The concept of CC has been a controversial issue. Curators feared that basic collections would be overlooked when scientists focused on CC and were concerned about retention of all variations. On the other hand, breeders and researchers preferred rationally manageable numbers of accessions to achieve their germplasm objectives. Even for breeders, different sized CC may be required to satisfy their different requirements and manipulation capabilities. We therefore developed additional core sets consisting of different numbers of accessions, such as core sets C500, C1500 and C2000. In this system, all accessions in the smaller core set are included in the next bigger core set. To develop a representative and practical MCC, we integrated the optimal sampling scheme and advice from professional breeders, germplasm curators and scientists. First, we sampled the MCC by the optimal sampling scheme, VTP-PS-G-CR. Second, a five-person advisory group including professional breeders, germplasm curators and scientists checked each of the 189 clusters in the primary CC to decide if there was a distinctly elite cultivar, which had special phenotype(s) or genotype(s) and had been a main parent in breeding. If there was, we chose that cultivar; otherwise one cultivar of this cluster was randomly chosen. In developing the CC and other core sets (such as C500, C1500 and C2000), we chose cultivars in lower levels of core sets where possible, otherwise the choice was random. The hierarchical CC are shown in Fig. 6.
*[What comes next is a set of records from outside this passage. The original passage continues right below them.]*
definition picture :: "nat \<Rightarrow> 'v set \<Rightarrow> 'v set set \<Rightarrow> nat \<Rightarrow> nat list set \<Rightarrow> (nat list \<Rightarrow> 'v) \<Rightarrow> bool" where
  "picture k V E m P psi \<longleftrightarrow> P \<subseteq> cube {1..k} m \<and> (\<forall>p\<in>P. psi p \<in> V) \<and>
     (\<forall>L. quasiline k m L \<and> L \<subseteq> P \<longrightarrow> comb_line {1..k} m L \<and> psi ` L \<in> E)"

definition eta_plus :: "nat \<Rightarrow> nat set \<Rightarrow> (nat \<Rightarrow> nat list) \<Rightarrow> nat list \<Rightarrow> nat list" where
  "eta_plus n M g a = concat (line_pt n M g a)"

definition no_tripod :: "'b list set set \<Rightarrow> ('b list set \<Rightarrow> nat set) \<Rightarrow> bool" where
  "no_tripod \<L> Mv \<longleftrightarrow> \<not> (\<exists>L1\<in>\<L>. \<exists>L2\<in>\<L>. \<exists>L3\<in>\<L>. L1 \<noteq> L2 \<and> L1 \<noteq> L3 \<and> L2 \<noteq> L3 \<and>
      L1 \<inter> L2 \<inter> L3 \<noteq> {} \<and> Mv L1 = Mv L2 \<union> Mv L3 \<and> Mv L2 \<inter> Mv L3 = {})"

definition no_triangle :: "'b list set set \<Rightarrow> bool" where
  "no_triangle \<L> \<longleftrightarrow> \<not> (\<exists>L1\<in>\<L>. \<exists>L2\<in>\<L>. \<exists>L3\<in>\<L>. L1 \<noteq> L2 \<and> L1 \<noteq> L3 \<and> L2 \<noteq> L3 \<and>
      L1 \<inter> L2 \<noteq> {} \<and> L1 \<inter> L3 \<noteq> {} \<and> L2 \<inter> L3 \<noteq> {} \<and> L1 \<inter> L2 \<inter> L3 = {})"

text \<open>Amalgamation: Q and psi_Sigma (well-defined by the paper's remark; SOME picks the value).\<close>
definition amalg_Q :: "nat list set \<Rightarrow> nat \<Rightarrow> nat list list set set
    \<Rightarrow> (nat list list set \<Rightarrow> nat set) \<Rightarrow> (nat list list set \<Rightarrow> nat \<Rightarrow> nat list) \<Rightarrow> nat list set" where
  "amalg_Q P n \<L> Mr gr = (\<Union>U\<in>\<L>. eta_plus n (Mr U) (gr U) ` P)"

definition amalg_psi :: "nat list set \<Rightarrow> (nat list \<Rightarrow> 'v) \<Rightarrow> nat \<Rightarrow> nat list list set set
    \<Rightarrow> (nat list list set \<Rightarrow> nat set) \<Rightarrow> (nat list list set \<Rightarrow> nat \<Rightarrow> nat list) \<Rightarrow> nat list \<Rightarrow> 'v" where
  "amalg_psi P psi n \<L> Mr gr q =
     (SOME v. \<exists>U\<in>\<L>. \<exists>p\<in>P. q = eta_plus n (Mr U) (gr U) p \<and> v = psi p)"

end

theory Submission
  imports Defs
begin

text \<open>
  Cut the points of [k]^{mn} into n blocks of length m. Along a quasiline L \<subseteq> Q every block
  is either constant or injective, and an injective block maps L onto a quasiline of \<Pi>, hence
  onto a combinatorial line whose \<psi>-image is an edge; so at most one point of L has that block
  in the fibre \<Pi>_x. Writing each q \<in> L as \<eta>_{U_q}(p_q), this forces L into a single \<eta>_U[P].
  If some p_q lies in \<Pi>_x, all other points share U_q, and the remaining point is recovered from
  the block lines. Otherwise the injective blocks outside the moving set of U_q (the deficit
  of q) are disjoint for distinct q; three nonempty deficits give three edges on four vertices
  (k = 3) or two points of L with equal p_q and a common moving block (k \<ge> 4), and exactly two
  give a tripod or a triangle in \<L>. Finally L is the \<eta>_U-image of one of its moving blocks, a
  combinatorial line of \<Pi>; \<eta>_U maps combinatorial lines to combinatorial lines and
  \<psi>_\<Sigma> \<circ> \<eta>_U = \<psi>.
\<close>

section \<open>Blocks and quasilines\<close>

definition block :: "nat \<Rightarrow> nat \<Rightarrow> 'a list \<Rightarrow> 'a list" where
  "block m j q = map (\<lambda>t. q ! (j * m + t)) [0..<m]"
lemma conv_in_ProbMeas:
  assumes "kernel_continuous m R" and "\<eta> \<in> ProbMeas m" and "\<mu> \<in> ProbMeas m"
  shows "conv m R \<eta> \<mu> \<in> ProbMeas m"
proof -
  have "prob_space (\<eta> \<Otimes>\<^sub>M \<mu>)"
    using assms(2,3) by (intro prob_space_pair prob_space_ProbMeas)
  then have "prob_space (conv m R \<eta> \<mu>)"
    unfolding conv_def using assms
    by (intro prob_space.prob_space_distr kernel_continuous_measurable) (auto simp: ProbMeas_def)
  then show ?thesis by (simp add: ProbMeas_def conv_def)
qed

lemma integral_conv:
  assumes "kernel_continuous m R" and "\<eta> \<in> ProbMeas m" and "\<mu> \<in> ProbMeas m" and "Lip1 m f"
  shows "(\<integral>z. f z \<partial>conv m R \<eta> \<mu>) = (\<integral>x. (\<integral>y. f (R x y) \<partial>\<mu>) \<partial>\<eta>)"
    and "integrable \<eta> (\<lambda>x. \<integral>y. f (R x y) \<partial>\<mu>)"
proof -
  interpret P: pair_prob_space \<eta> \<mu>
    using assms(2,3) by (intro pair_prob_space.intro pair_sigma_finite.intro
        prob_space_imp_sigma_finite prob_space_ProbMeas)
  have R: "(\<lambda>(x, y). R x y) \<in> measurable (\<eta> \<Otimes>\<^sub>M \<mu>) (OmegaBorel m)"
    using assms by (intro kernel_continuous_measurable) (auto simp: ProbMeas_def)
  have "integrable (conv m R \<eta> \<mu>) f"
    using Lip1_integrable[OF conv_in_ProbMeas[OF assms(1-3)] assms(4)] .
  then have int: "integrable (\<eta> \<Otimes>\<^sub>M \<mu>) (\<lambda>(x, y). f (R x y))"
    unfolding conv_def using integrable_distr_eq[OF R Lip1_borel_measurable[OF assms(4)]]
    by (simp add: case_prod_unfold)
  have "(\<integral>z. f z \<partial>conv m R \<eta> \<mu>) = (\<integral>(x, y). f (R x y) \<partial>(\<eta> \<Otimes>\<^sub>M \<mu>))"
    unfolding conv_def using integral_distr[OF R Lip1_borel_measurable[OF assms(4)]]
    by (simp add: case_prod_unfold)
  also have "\<dots> = (\<integral>x. (\<integral>y. f (R x y) \<partial>\<mu>) \<partial>\<eta>)"
    using P.integral_fst'[OF int] by simp
  finally show "(\<integral>z. f z \<partial>conv m R \<eta> \<mu>) = (\<integral>x. (\<integral>y. f (R x y) \<partial>\<mu>) \<partial>\<eta>)" .
  show "integrable \<eta> (\<lambda>x. \<integral>y. f (R x y) \<partial>\<mu>)"
    using P.integrable_fst'[OF int] by simp
qed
The hierarchical CC system, with different population scales and genetic diversities, will allow the use of genetic resources to be more flexible. The primary CC contains 95% of the variation in the cultivated rice resources in China, but is too large in scale (4,300 accessions) to be intensively used and studied. With its small size (189 accessions) and high genetic diversity (70% of the variation in the Chinese cultivated rice resources), the MCC provides us a rational framework to systematically survey the natural variation and to study complex traits. The MCC has been distributed to more than 60 research or breeding organizations and used in their research and breeding program. We have completed the genotyping of 300 genome-wide SSR markers and phenotyping of more than 50 traits at three locations (Beijing, Hangzhou, and Hainan) for 2 years. We are developing MCC-based introgression lines and isogenic lines, and the resequencing of MCC is also in progress. These efforts will help us to determine the extent of natural variation in cultivated rice and the molecular mechanisms underlying complex traits.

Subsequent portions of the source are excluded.